That happened in Chicago, it happened in New York, it’s happened everywhere.
It’s a quintessential market story there. Up to that point, up to 1960, Youngstown was pretty wide open.
It was anybody’s territory. Guys came from Buffalo. Joe DiCarlo came from Buffalo.
He and a few local guys organized people together and they ran Youngstown for a little while, but he was forced out and this guy would come in, you know, guys came from Detroit and all over Cleveland, Pittsburgh, they all kind of planted roots in Youngstown and it didn’t get hashed out until about 1960.

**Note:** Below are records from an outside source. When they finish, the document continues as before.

lemma deletable_iff_between:
  "1 \<le> i \<Longrightarrow> Suc i < length t \<Longrightarrow> deletable i t \<longleftrightarrow> between (t ! (i - 1)) (t ! i) (t ! Suc i)"
  using tlen_del_at[of i t V E] unfolding deletable_def between_def by linarith

lemma proper_tuple_del_at:
  assumes pr: "proper_tuple t" and i: "1 \<le> i" "Suc i < length t"
    and ne: "t ! (i - 1) \<noteq> t ! Suc i"
  shows "proper_tuple (del_at i t)"
proof -
  have "del_at i t ! j \<noteq> del_at i t ! Suc j" if j: "Suc j < length (del_at i t)" for j
  proof -
    consider "Suc j < i" | "Suc j = i" | "i \<le> j" by linarith
    then show ?thesis
    proof cases
      case 1
      then show ?thesis using i j proper_tuple_nth_Suc[OF pr, of j] by (simp add: nth_del_at)
    next
      case 2
      then have "j = i - 1" by simp
      then show ?thesis using i j ne by (simp add: nth_del_at)
    next
      case 3
      then show ?thesis using i j proper_tuple_nth_Suc[OF pr, of "Suc j"] by (simp add: nth_del_at)
    qed
  qed
  then show ?thesis
    using pr set_del_at_subset[of i t] unfolding proper_tuple_def by blast
qed

lemma del_at_gens:
  assumes t: "t \<in> gens V E k l" and i: "1 \<le> i" "i < k" and del: "deletable i t"
  shows "del_at i t \<in> gens V E (k - 1) l"
proof -
  have len: "length t = Suc k" and pr: "proper_tuple t" using t gens_iff by auto
  have "between (t ! (i - 1)) (t ! i) (t ! Suc i)" using deletable_iff_between[of i t] i len del by simp
  moreover have "t ! (i - 1) \<in> V" "t ! i \<in> V" "t ! (i - 1) \<noteq> t ! i"
    using proper_tuple_nth[OF pr] proper_tuple_nth_Suc[OF pr, of "i - 1"] i len by auto
  ultimately have "t ! (i - 1) \<noteq> t ! Suc i"
    using between_distinct by blast
  then have "proper_tuple (del_at i t)"
    using proper_tuple_del_at[OF pr] i len by simp
  then show ?thesis
    using t del i unfolding gens_iff deletable_def by auto
qed

lemma proper_tuple_ins_at:
  assumes pr: "proper_tuple t" and i: "1 \<le> i" "i < length t"
    and y: "y \<in> V" "y \<noteq> t ! (i - 1)" "y \<noteq> t ! i"
  shows "proper_tuple (ins_at i y t)"
proof -
  let ?u = "ins_at i y t"
  have nth_u: "?u ! j = (if j < i then t ! j else if j = i then y else t ! (j - 1))"
    if "j \<le> length t" for j
    using nth_ins_at[of i t j y] i that by simp
  have "?u ! j \<noteq> ?u ! Suc j" if j: "Suc j < length ?u" for j
  proof -
    consider "Suc j < i" | "Suc j = i" | "j = i" | "i < j" by linarith
    then show ?thesis
    proof cases
      case 1
      then show ?thesis using i j nth_u proper_tuple_nth_Suc[OF pr, of j] by simp
    next
      case 2
      then show ?thesis using i j nth_u y by auto
    next
      case 3
      then show ?thesis using i j nth_u y by simp
    next
      case 4
      then show ?thesis using i j nth_u proper_tuple_nth_Suc[OF pr, of "j - 1"] by simp
    qed
  qed
  then show ?thesis
    using pr y set_ins_at_subset[of i y t] unfolding proper_tuple_def by blast
qed

lemma tlen_ins_at:
  assumes i: "1 \<le> i" "i < length t" and "between (t ! (i - 1)) y (t ! i)"
  shows "tlen V E (ins_at i y t) = tlen V E t"
proof -
  let ?u = "ins_at i y t"
  have "?u ! (i - 1) = t ! (i - 1)" "?u ! i = y" "?u ! Suc i = t ! i"
    using nth_ins_at[of i t _ y] i by auto
  moreover have "tlen V E (del_at i ?u) + d (?u ! (i - 1)) (?u ! i) + d (?u ! i) (?u ! Suc i)
      = tlen V E ?u + d (?u ! (i - 1)) (?u ! Suc i)"
    using i by (intro tlen_del_at) auto
  ultimately show ?thesis
    using assms unfolding between_def by simp
qed

lemma ins_next_hop_gens:
  assumes t: "t \<in> gens V E k l" and i: "1 \<le> i" "i < length t"
    and long: "2 \<le> d (t ! (i - 1)) (t ! i)"
  shows "ins_at i (next_hop (t ! (i - 1)) (t ! i)) t \<in> gens V E (Suc k) l"
proof -
  have pr: "proper_tuple t" using t gens_iff by auto
  have "t ! (i - 1) \<in> V" "t ! i \<in> V" using proper_tuple_nth[OF pr] i by auto
  note y = next_hop_inner[OF this long]
  show ?thesis
    using t i proper_tuple_ins_at[OF pr i y(1,3,4)] tlen_ins_at[OF i y(5)]
    unfolding gens_iff by simp
qed

section \<open>Pivots\<close>

definition pivot :: "'a list \<Rightarrow> nat \<Rightarrow> bool" where
  "pivot t j \<longleftrightarrow> 1 \<le> j \<and> j < length t \<and>
     (2 \<le> d (t ! (j - 1)) (t ! j) \<or> (Suc j < length t \<and> between (t ! (j - 1)) (t ! j) (t ! Suc j)))"

definition first_pivot :: "'a list \<Rightarrow> nat" where
  "first_pivot t = (LEAST j. pivot t j)"

definition long_pivot :: "'a list \<Rightarrow> bool" where
  "long_pivot t \<longleftrightarrow> (\<exists>j. pivot t j) \<and> 2 \<le> d (t ! (first_pivot t - 1)) (t ! first_pivot t)"

definition subdivide :: "'a list \<Rightarrow> 'a list" where
  "subdivide t = ins_at (first_pivot t) (next_hop (t ! (first_pivot t - 1)) (t ! first_pivot t)) t"

lemma first_pivot_eqI: "pivot t i \<Longrightarrow> (\<And>j. j < i \<Longrightarrow> \<not> pivot t j) \<Longrightarrow> first_pivot t = i"
  unfolding first_pivot_def by (rule Least_equality) (auto simp: not_less[symmetric])

lemma pivot_first_pivot: "\<exists>j. pivot t j \<Longrightarrow> pivot t (first_pivot t)"
  unfolding first_pivot_def by (rule LeastI_ex)

lemma not_pivot_before_first_pivot: "j < first_pivot t \<Longrightarrow> \<not> pivot t j"
  unfolding first_pivot_def by (rule not_less_Least)

lemma pivot_exists:
  assumes t: "t \<in> gens V E k l" and "k \<noteq> l"
  shows "\<exists>j. pivot t j"
proof (rule ccontr)
  assume no_pivot: "\<not> (\<exists>j. pivot t j)"
  have len: "length t = Suc k" and pr: "proper_tuple t" using t gens_iff by auto
  have "d (t ! i) (t ! Suc i) = 1" if "i < length t - 1" for i
  proof -
    have "\<not> pivot t (Suc i)" using no_pivot by blast
    then have "d (t ! i) (t ! Suc i) < 2" using that unfolding pivot_def by auto
    moreover have "t ! i \<noteq> t ! Suc i" using proper_tuple_nth_Suc[OF pr] that by simp
    moreover have "t ! i \<in> V" "t ! Suc i \<in> V" using proper_tuple_nth[OF pr] that by auto
    ultimately show ?thesis using gdist_eq_0_iff by fastforce
  qed
  then have "tlen V E t = k" unfolding tlen_def using len by simp
  with t \<open>k \<noteq> l\<close> show False unfolding gens_iff by simp
qed

lemma not_deletable_before_first_pivot:
  assumes "1 \<le> m" "m < first_pivot t" "first_pivot t < length t"
  shows "\<not> deletable m t"
  using assms deletable_iff_between[of m t] not_pivot_before_first_pivot[of m t]
  unfolding pivot_def by auto

lemma no_pivot_before_del_at:
  assumes pr: "proper_tuple t" and i: "first_pivot t \<le> i" "Suc i < length t"
    and del: "deletable i t" and j: "j < first_pivot t"
  shows "\<not> pivot (del_at i t) j"
proof
  define t' where "t' = del_at i t"
  assume "pivot (del_at i t) j"
  then have piv': "pivot t' j" and j1: "1 \<le> j" unfolding t'_def pivot_def by auto
  have nth_t': "t' ! m = (if m < i then t ! m else t ! Suc m)" if "m < length t - 1" for m
    using nth_del_at[of i t m] i that unfolding t'_def by simp
  have not_piv: "\<not> pivot t j" using not_pivot_before_first_pivot j .
  have "t' ! (j - 1) = t ! (j - 1)" "t' ! j = t ! j"
    using nth_t' i j by auto
  moreover have "d (t ! (j - 1)) (t ! j) < 2" "\<not> between (t ! (j - 1)) (t ! j) (t ! Suc j)"
    using not_piv i j j1 unfolding pivot_def by auto
  ultimately have bt: "between (t ! (j - 1)) (t ! j) (t' ! Suc j)"
    using piv' unfolding pivot_def by auto
  show False
  proof (cases "Suc j < i")
    case True
    then show False using bt nth_t' i \<open>\<not> between _ _ (t ! Suc j)\<close> by simp
  next
    case False
    then have ij: "i = Suc j" using i j by simp
    then have "between (t ! j) (t ! Suc j) (t ! Suc (Suc j))"
      using deletable_iff_between[of i t] del i by simp
    moreover have "t' ! Suc j = t ! Suc (Suc j)" using nth_t' i ij by simp
    moreover have "t ! (j - 1) \<in> V" "t ! j \<in> V" "t ! Suc j \<in> V" "t ! Suc (Suc j) \<in> V"
      using proper_tuple_nth[OF pr] i ij by auto
    ultimately have "between (t ! (j - 1)) (t ! j) (t ! Suc j)"
      using bt between_shrink_right by metis
    then show False using \<open>\<not> between _ _ (t ! Suc j)\<close> by simp
  qed
qed

lemma long_pivotD:
  assumes "long_pivot t"
  shows "1 \<le> first_pivot t" "first_pivot t < length t"
    "2 \<le> d (t ! (first_pivot t - 1)) (t ! first_pivot t)"
  using assms pivot_first_pivot[of t] unfolding long_pivot_def pivot_def by auto

lemma subdivide_gens: "t \<in> gens V E k l \<Longrightarrow> long_pivot t \<Longrightarrow> subdivide t \<in> gens V E (Suc k) l"
  unfolding subdivide_def using ins_next_hop_gens long_pivotD by blast

lemma nth_subdivide:
  assumes "long_pivot t" "j \<le> length t"
  shows "subdivide t ! j = (if j < first_pivot t then t ! j
    else if j = first_pivot t then next_hop (t ! (first_pivot t - 1)) (t ! first_pivot t)
    else t ! (j - 1))"
  using nth_ins_at[of "first_pivot t" t j] long_pivotD(2)[OF assms(1)] assms(2)
  unfolding subdivide_def by simp

lemma not_deletable_subdivide:
  assumes pr: "proper_tuple t" and long: "long_pivot t" and m: "1 \<le> m" "m < first_pivot t"
  shows "\<not> deletable m (subdivide t)"
proof
  let ?i0 = "first_pivot t"
  let ?a = "t ! (?i0 - 1)" and ?b = "t ! ?i0"
  note i0 = long_pivotD[OF long]
  note nth_u = nth_subdivide[OF long]
  have len_u: "length (subdivide t) = Suc (length t)"
    using i0 unfolding subdivide_def by simp
  have "subdivide t ! (m - 1) = t ! (m - 1)" "subdivide t ! m = t ! m"
    using nth_u[of "m - 1"] nth_u[of m] m i0 by auto
  moreover assume "deletable m (subdivide t)"
  ultimately have bt: "between (t ! (m - 1)) (t ! m) (subdivide t ! Suc m)"
    using deletable_iff_between[of m "subdivide t"] m i0 len_u by simp
  have not_bt: "\<not> between (t ! (m - 1)) (t ! m) (t ! Suc m)"
    using not_pivot_before_first_pivot[of m t] m i0 unfolding pivot_def by auto
  show False
  proof (cases "Suc m < ?i0")
    case True
    then show False using bt not_bt nth_u[of "Suc m"] i0 by simp
  next
    case False
    then have m_eq: "Suc m = ?i0" using m by simp
    then have "t ! m = ?a" "subdivide t ! Suc m = next_hop ?a ?b"
      using nth_u[of ?i0] i0 by (metis diff_Suc_1, simp)
    then have "between (t ! (m - 1)) ?a (next_hop ?a ?b)" using bt by simp
    moreover have "t ! (m - 1) \<in> V" "?a \<in> V" "?b \<in> V"
      using proper_tuple_nth[OF pr] i0 m by auto
    ultimately have "between (t ! (m - 1)) ?a ?b" using between_next_hop_left i0 by blast
    then show False using not_bt m_eq by (metis diff_Suc_1)
  qed
qed

lemma deletable_Suc_subdivide:
  assumes pr: "proper_tuple t" and long: "long_pivot t" and i: "first_pivot t \<le> i" "Suc i < length t"
  shows "deletable (Suc i) (subdivide t) \<longleftrightarrow> deletable i t"
proof -
  let ?i0 = "first_pivot t"
  let ?a = "t ! (?i0 - 1)" and ?b = "t ! ?i0"
  note i0 = long_pivotD[OF long]
  note nth_u = nth_subdivide[OF long]
  have len_u: "length (subdivide t) = Suc (length t)"
    using i0 unfolding subdivide_def by simp
  have "deletable (Suc i) (subdivide t) \<longleftrightarrow> between (subdivide t ! i) (t ! i) (t ! Suc i)"
    using deletable_iff_between[of "Suc i" "subdivide t"] i len_u nth_u[of "Suc i"]
      nth_u[of "Suc (Suc i)"] by simp
  also have "\<dots> \<longleftrightarrow> between (t ! (i - 1)) (t ! i) (t ! Suc i)"
  proof (cases "i = ?i0")
    case True
    have "?a \<in> V" "?b \<in> V" "t ! Suc ?i0 \<in> V"
      using proper_tuple_nth[OF pr] i True i0 by auto
    then show ?thesis using between_next_hop_iff i0 True nth_u[of i] i by simp
  qed (use nth_u[of i] i in simp)
  also have "\<dots> \<longleftrightarrow> deletable i t"
    using deletable_iff_between[of i t] i i0 by simp
  finally show ?thesis .
qed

[13:27] When they killed Sandy, Jim’s great uncle.
So you know, it was, it’s kind of interesting. And like I said, from that event that we just did, that CAVBOMB show.
We brought these families together. We brought the Naples family together, the Cavallaro family together.
You know, over a dozen people from families all in this room.
We had dinner, broke bread before.
We had a great musician come in from Vegas. It was a good show.
And we filmed that whole thing. We’re going to put that out on a pay-per-view for Christmas time this year.
So in case anybody wants to check that out, follow us.
Amazingpodco.com, the amazing podcast company is our podcast company, that’s AmazingPodCo.
You’ll have links to what we’re doing and pay-per-view and all that stuff to watch that Capcom show.
And those that are on Facebook, they can always check us out, Youngtown Mob Group. Come join the group.
We have links to all our amazing podcast stuff. There’s links to that all in there.
There will be a link to the pay-per-view in there as well. We know, we know you get a lot of listeners from Youngstown and from around that area. People love you, Gary.
You’ve got the gangland, the gangland wire.
I’ve been a fan. I’m a wiretapper. Yeah.

[14:46] Here we go with our lights. Motion sensors.
Well, I appreciate that. I, you know, I’m kind of the first guy that started any of these mafia podcasts back in whatever, 2015, I think.
So I appreciate that. I’ll give you another little quick quick tidbit that we found doing in some of our research so back in the early 60s This is I believe this is after the Cavallaro.
Oh, let’s say about 63 or 64 My uncle Joey has associated kids that build these remote car starters Yeah And they were putting remote car starters in these cars back in the in the 60s And he goes these things he goes they were huge They were like this big and they mounted up underneath the dash you had this button that you would push it Start your car for you, But Johnny and I were talking, said, you know, wouldn’t it be funny if those guys would have patented that they would have they would have been millionaires with that kind of back.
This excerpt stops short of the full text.